lemma square_zero_ideal_in_proj_orbit:
  assumes bl: "bilin_map \<mu>" and orbit: "in_proj_orbit lam \<mu>"
    and T: "square_zero_ideal \<mu> T" and nontrivial: "T \<noteq> {0}"
  obtains J where "square_zero_ideal lam J" "J \<noteq> {0}"
proof -
  obtain g c where g: "invertible g"
    and lam: "lam = (\<lambda>X Y. g *v (c *s \<mu> (matrix_inv g *v X) (matrix_inv g *v Y)))"
    using orbit by (rule in_proj_orbitE)
  have inv: "matrix_inv g *v (g *v t) = t" for t
    by (simp add: matrix_vector_mul_assoc matrix_inv_mult_left[OF g])
  have subspace_T: "subspace T" and absorb: "\<And>a x. x \<in> T \<Longrightarrow> \<mu> a x \<in> T \<and> \<mu> x a \<in> T"
    and square_zero: "\<And>x y. x \<in> T \<Longrightarrow> y \<in> T \<Longrightarrow> \<mu> x y = 0"
    using T unfolding square_zero_ideal_def by blast+
  define J where "J = (\<lambda>t. g *v t) ` T"
  have "subspace J" unfolding J_def using subspace_T by (simp add: linear_subspace_image)
  moreover have "lam a x \<in> J \<and> lam x a \<in> J" if "x \<in> J" for a x
  proof -
    obtain t where t: "t \<in> T" "x = g *v t" using \<open>x \<in> J\<close> unfolding J_def by blast
    \<comment> \<open>\<open>T\<close> is only a real subspace; the complex scalar \<open>c\<close> is moved into the other factor.\<close>
    have "lam a x = g *v \<mu> (c *s (matrix_inv g *v a)) t" "lam x a = g *v \<mu> t (c *s (matrix_inv g *v a))"
      unfolding lam t(2) inv bilin_map_scale[OF bl] by simp_all
    then show ?thesis unfolding J_def using absorb[OF t(1)] by blast
  qed
  moreover have "lam x y = 0" if xy: "x \<in> J" "y \<in> J" for x y
  proof -
    obtain s t where "s \<in> T" "t \<in> T" "x = g *v s" "y = g *v t" using xy unfolding J_def by blast
    then show ?thesis by (simp add: lam inv square_zero)
  qed
  ultimately have "square_zero_ideal lam J" unfolding square_zero_ideal_def by blast
  moreover have "J \<noteq> {0}"
  proof -
    obtain t where "t \<in> T" "t \<noteq> 0" using nontrivial subspace_0[OF subspace_T] by blast
    then have "g *v t \<in> J" "g *v t \<noteq> 0" unfolding J_def using inv[of t] by auto
    then show ?thesis by blast
  qed
  ultimately show ?thesis by (rule that)
qed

************

[PROBLEM DESCRIPTION]
Copy out whichever lines of the listing contain the word "show".

[EXERCISE OUTPUT]
    then show ?thesis unfolding J_def using absorb[OF t(1)] by blast
    then show ?thesis by (simp add: lam inv square_zero)
    then show ?thesis by blast
  ultimately show ?thesis by (rule that)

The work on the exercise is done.